# Supplied data:
##############################

(* Let $L = L_p + \varepsilon L_d \in \mathbb{DH}[t]$ be a line polynomial and $h \in \mathbb{R}[t]$ nonzero. Suppose there is a motion polynomial $C = P + \varepsilon D \in \mathbb{DH}[t]$ satisfying $$P\mathbf{k}\overline{P} = hL_p,\qquad -P\mathbf{k}\overline{D} - D\mathbf{k}\overline{P} = hL_d,\qquad P\overline{D} + D\overline{P} = 0,$$ and let $f \in \mathbb{R}[t]$ be a quadratic polynomial irreducible over $\mathbb{R}$ which divides $h/\gcd(\operatorname{rgcd}(L_p), h)$ and whose multiplicity as a factor of $h$ is one. Then there exists a motion polynomial $\tilde C = \tilde P + \varepsilon\tilde D$ satisfying the same three equations with $h$ replaced by $h/f$.
   Context: $\mathbb{H}$ denotes the real quaternions with units $\mathbf{i},\mathbf{j},\mathbf{k}$ and conjugation $\overline{p_0 + p_1\mathbf{i} + p_2\mathbf{j} + p_3\mathbf{k}} = p_0 - p_1\mathbf{i} - p_2\mathbf{j} - p_3\mathbf{k}$; $\mathbb{DH} = \mathbb{H} + \varepsilon\mathbb{H}$ with $\varepsilon^2=0$, $\varepsilon$ central. $\mathbb{H}[t]$, $\mathbb{DH}[t]$ are polynomial rings in a real indeterminate $t$ commuting with the coefficients; conjugation acts coefficientwise. A motion polynomial is $C = P + \varepsilon D \in \mathbb{DH}[t]$ with $P \ne 0$ and $P\overline{D} + D\overline{P} = 0$. A line polynomial is $L = L_p + \varepsilon L_d \in \mathbb{DH}[t]$ with $L_p, L_d$ vectorial (zero scalar part), $L_p\overline{L_d} + L_d\overline{L_p} = 0$, and $L_p \neq 0$. For $A \in \mathbb{H}[t]$, $\operatorname{rgcd}(A)$ is the monic gcd in $\mathbb{R}[t]$ of its four real coefficient polynomials. The three equations are equivalent to $C_\varepsilon\mathbf{k}\overline{C_\varepsilon} = hL$ (with $C_\varepsilon = P - \varepsilon D$) together with the Study condition. *)

theory Defs
  imports "HOL-Computational_Algebra.Computational_Algebra" "HOL-Computational_Algebra.Field_as_Ring"
begin

text \<open>Quaternions with coefficients in a commutative ring. With coefficients in
  real poly this is exactly H[t] (t commutes with the coefficients).
  Quat a b c d stands for a + b i + c j + d k.\<close>

datatype 'a quat = Quat (q0: 'a) (q1: 'a) (q2: 'a) (q3: 'a)

definition qadd :: "'a::comm_ring_1 quat \<Rightarrow> 'a quat \<Rightarrow> 'a quat" where
  "qadd p q = Quat (q0 p + q0 q) (q1 p + q1 q) (q2 p + q2 q) (q3 p + q3 q)"

definition qneg :: "'a::comm_ring_1 quat \<Rightarrow> 'a quat" where
  "qneg p = Quat (- q0 p) (- q1 p) (- q2 p) (- q3 p)"

definition qmult :: "'a::comm_ring_1 quat \<Rightarrow> 'a quat \<Rightarrow> 'a quat" where
  "qmult p q = Quat
     (q0 p * q0 q - q1 p * q1 q - q2 p * q2 q - q3 p * q3 q)
     (q0 p * q1 q + q1 p * q0 q + q2 p * q3 q - q3 p * q2 q)
     (q0 p * q2 q - q1 p * q3 q + q2 p * q0 q + q3 p * q1 q)
     (q0 p * q3 q + q1 p * q2 q - q2 p * q1 q + q3 p * q0 q)"

definition qcnj :: "'a::comm_ring_1 quat \<Rightarrow> 'a quat" where
  "qcnj p = Quat (q0 p) (- q1 p) (- q2 p) (- q3 p)"

definition qscale :: "'a::comm_ring_1 \<Rightarrow> 'a quat \<Rightarrow> 'a quat" where
  "qscale c p = Quat (c * q0 p) (c * q1 p) (c * q2 p) (c * q3 p)"

definition qzero :: "'a::comm_ring_1 quat" where
  "qzero = Quat 0 0 0 0"

definition qk :: "'a::comm_ring_1 quat" where
  "qk = Quat 0 0 0 1"

definition vectorial :: "'a::comm_ring_1 quat \<Rightarrow> bool" where
  "vectorial p \<longleftrightarrow> q0 p = 0"

text \<open>Motion polynomial C = P + eps D.\<close>
definition motion_poly :: "real poly quat \<Rightarrow> real poly quat \<Rightarrow> bool" where
  "motion_poly P D \<longleftrightarrow> P \<noteq> qzero \<and> qadd (qmult P (qcnj D)) (qmult D (qcnj P)) = qzero"

text \<open>Line polynomial L = Lp + eps Ld.\<close>
definition line_poly :: "real poly quat \<Rightarrow> real poly quat \<Rightarrow> bool" where
  "line_poly Lp Ld \<longleftrightarrow> vectorial Lp \<and> vectorial Ld \<and>
     qadd (qmult Lp (qcnj Ld)) (qmult Ld (qcnj Lp)) = qzero \<and> Lp \<noteq> qzero"

text \<open>rgcd: monic gcd of the four real coefficient polynomials
  (gcd on real poly is normalized, i.e. monic).\<close>
definition rgcd :: "real poly quat \<Rightarrow> real poly" where
  "rgcd p = gcd (q0 p) (gcd (q1 p) (gcd (q2 p) (q3 p)))"

definition three_eqs :: "real poly quat \<Rightarrow> real poly quat \<Rightarrow> real poly \<Rightarrow>
    real poly quat \<Rightarrow> real poly quat \<Rightarrow> bool" where
  "three_eqs P D h Lp Ld \<longleftrightarrow>
     qmult (qmult P qk) (qcnj P) = qscale h Lp \<and>
     qadd (qneg (qmult (qmult P qk) (qcnj D))) (qneg (qmult (qmult D qk) (qcnj P))) = qscale h Ld \<and>
     qadd (qmult P (qcnj D)) (qmult D (qcnj P)) = qzero"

##############################

# Exercise requirements:
Output nothing but the line containing "qmult (qmult P qk) (qcnj P)" and each line after it in the entries above, exactly as written.

# Exercise answer:
     qmult (qmult P qk) (qcnj P) = qscale h Lp \<and>
     qadd (qneg (qmult (qmult P qk) (qcnj D))) (qneg (qmult (qmult D qk) (qcnj P))) = qscale h Ld \<and>
     qadd (qmult P (qcnj D)) (qmult D (qcnj P)) = qzero"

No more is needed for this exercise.